Health UK (Commonwealth Union) – The key to swiftly diagnosing over 100 babies born with rare diseases each year lies in two compact black boxes, each the size of a small loaf.
Recently installed genome sequencing machines at the Liggins Institute are poised to unravel a newborn’s DNA within a matter of days, or even hours, once the infant is transferred to the Neonatal Intensive Care Unit (NICU) at Auckland’s Starship Hospital.
Following the completion of data analysis, researchers engage in a time-sensitive pursuit, comparing the infants’ genetic information with that of their parents in a race against the clock to identify discrepancies.
Discrepancies in the DNA of the baby compared to that of the parents may indicate the presence of one of several hundred rare conditions. In an optimal scenario, this information empowers doctors to swiftly determine the most effective treatment for the newborn.
Even in cases where no medical intervention is possible, understanding the cause of a baby’s demise can prove beneficial for the family, aiding them in coping with the tragedy and potentially informing decisions for future pregnancies.
Professor Frank Bloomfield, Deputy Vice-Chancellor of Research at the University of Auckland and former Director of the Liggins Institute pointed out that inn highly stressful situations, where families are often compelled to make significant decisions regarding the provision of care, rapid diagnosis offers a crucial element of certainty.
Historically, the vast majority of unwell infants in New Zealand lacked access to genetic sequencing. In rare cases, blood samples were sent to Australia, a process characterized by rarity, lengthy timelines of several weeks, and a substantial cost of around $16,000.
According to Professor Justin O’Sullivan, who leads both the Liggins Institute and the genomics sequencing team, this scenario has changed. The sequencing process can now be efficiently carried out for any baby requiring it in less than seven days. Notably, the two sequencing machines, despite their cutting-edge technology, are surprisingly compact, comparable in size to a desktop speaker.

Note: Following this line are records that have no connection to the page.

lemma kraft_sum_dyadic_gap:
  assumes "finite R" "\<forall>z\<in>R. n z \<le> m" "kraft_sum R n + (1/2) ^ m < 1"
  shows "kraft_sum R n + 2 * (1/2) ^ m \<le> 1"
proof -
  \<comment> \<open>scaled by \<open>2 ^ m\<close>, the Kraft sum of \<open>R\<close> is an integer\<close>
  define k :: nat where "k = (\<Sum>z\<in>R. 2 ^ (m - n z))"
  have "(1/2::real) ^ n z * 2 ^ m = real (2 ^ (m - n z))" if "z \<in> R" for z
  proof -
    have "(2::real) ^ m = 2 ^ (m - n z) * 2 ^ n z"
      using assms(2) that by (simp flip: power_add)
    then show ?thesis
      by (simp add: power_one_over)
  qed
  then have scaled: "kraft_sum R n * 2 ^ m = real k"
    unfolding kraft_sum_def k_def sum_distrib_right of_nat_sum by (rule sum.cong[OF refl])
  have "(kraft_sum R n + (1/2) ^ m) * 2 ^ m < 2 ^ m"
    using assms(3) by simp
  then have "real (k + 1) < real (2 ^ m)"
    using scaled by (simp add: distrib_right power_one_over)
  then have "k + 2 \<le> 2 ^ m"
    unfolding of_nat_less_iff by linarith
  then have "real k + 2 \<le> 2 ^ m"
    using of_nat_le_iff[of "k + 2" "2 ^ m", where 'a = real] by simp
  then have "(kraft_sum R n + 2 * (1/2) ^ m) * 2 ^ m \<le> 1 * 2 ^ m"
    using scaled by (simp add: distrib_right power_one_over)
  then show ?thesis
    by (rule mult_right_le_imp_le) simp
qed

lemma merge_deepest_pair:
  assumes "finite R" "x \<notin> R" "y \<notin> R" "x \<noteq> y" "Node x y \<notin> R" "a \<ge> 0"
    and "cweight a w x \<ge> 0" "cweight a w y \<ge> 0"
    and kraft: "kraft_sum (insert x (insert y R)) n \<le> 1"
    and deepest: "\<forall>z\<in>R. n z \<le> n x \<and> n z \<le> n y"
  obtains n' where "kraft_sum (insert (Node x y) R) n' \<le> 1"
    and "forest_cost a w (insert (Node x y) R) n' \<le> forest_cost a w (insert x (insert y R)) n"
proof -
  define m where "m = min (n x) (n y)"
  have kraft_split: "kraft_sum R n + (1/2) ^ n x + (1/2) ^ n y \<le> 1"
    using kraft assms(1-4) by (simp add: kraft_sum_def)
  have room: "kraft_sum R n + 2 * (1/2) ^ m \<le> 1"
  proof (cases "n x = n y")
    case True
    with kraft_split show ?thesis by (simp add: m_def)
  next
    case False
    have "(1/2::real) ^ m + (1/2) ^ max (n x) (n y) = (1/2) ^ n x + (1/2) ^ n y"
      by (simp add: m_def min_def max_def)
    moreover have "(1/2::real) ^ max (n x) (n y) > 0"
      by simp
    ultimately have "kraft_sum R n + (1/2) ^ m < 1"
      using kraft_split by linarith
    with assms(1) deepest show ?thesis
      by (intro kraft_sum_dyadic_gap) (auto simp: m_def)
  qed
  moreover have "kraft_sum R n \<ge> 0"
    by (simp add: kraft_sum_def sum_nonneg)
  ultimately obtain k where k: "m = Suc k"
    by (cases m) auto
  define n' where "n' = n(Node x y := k)"
  have on_R: "kraft_sum R n' = kraft_sum R n" "forest_cost a w R n' = forest_cost a w R n"
    using assms(5) unfolding kraft_sum_def forest_cost_def n'_def by (auto intro!: sum.cong)
  show thesis
  proof
    show "kraft_sum (insert (Node x y) R) n' \<le> 1"
      using room on_R assms(1,5) by (simp add: kraft_sum_def n'_def k)
    have "cweight a w u * geom_sum a m \<le> cweight a w u * geom_sum a (n u)" if "u \<in> {x, y}" for u
      using that assms(6-8) by (intro mult_left_mono geom_sum_mono) (auto simp: m_def)
    from this[of x] this[of y]
    show "forest_cost a w (insert (Node x y) R) n' \<le> forest_cost a w (insert x (insert y R)) n"
      using on_R assms(1-5) unfolding forest_cost_def
      by (simp add: n'_def k geom_sum_Suc algebra_simps)
  qed
qed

O’Sullivan indicated that they examine all 3 billion bases of DNA,” and their focus is on comparing it to the parental DNA, aiming to identify unique differences in the child.
These divergences could stem from various conditions, ranging from epilepsy to metabolic issues. For instance, metabolic problems may arise if the baby struggles to break down specific foods or isn’t receiving sufficient amounts of a particular nutrient.
“Some of these conditions can be treated, and if you get to them quickly it can make a massive difference and prevent long-term damage for the baby.”
Although certain genetic conditions either defy diagnosis or lack viable treatment options, O’Sullivan highlights that this landscape is continually evolving with advancements in genetics and medical knowledge.
He indicated that a rare condition is defined as something occurring in one in 2000 people, and there are approximately 7000 recognized rare disorders. However, rare disorders manifest more frequently in neonatal intensive care, accounting for up to 30 percent of the infants in that setting. Considering that on any given day in New Zealand, around 200 children are in neonatal intensive care, the prevalence of these conditions is significant.
“At the moment we can treat a few hundred, but over time we will be able to treat more and more of those 7000.”
During the initial phases of the program, testing will be restricted to newborns in intensive care units, specifically those cases where doctors suspect a potential genetic disorder. However, once the system is fully established, potentially by mid-2024, the testing scope can be broadened to include the sequencing of older children and adults with genetic conditions. This expansion opens avenues for individuals who may have faced challenges in obtaining a diagnosis in the past as indicated by researchers of the study.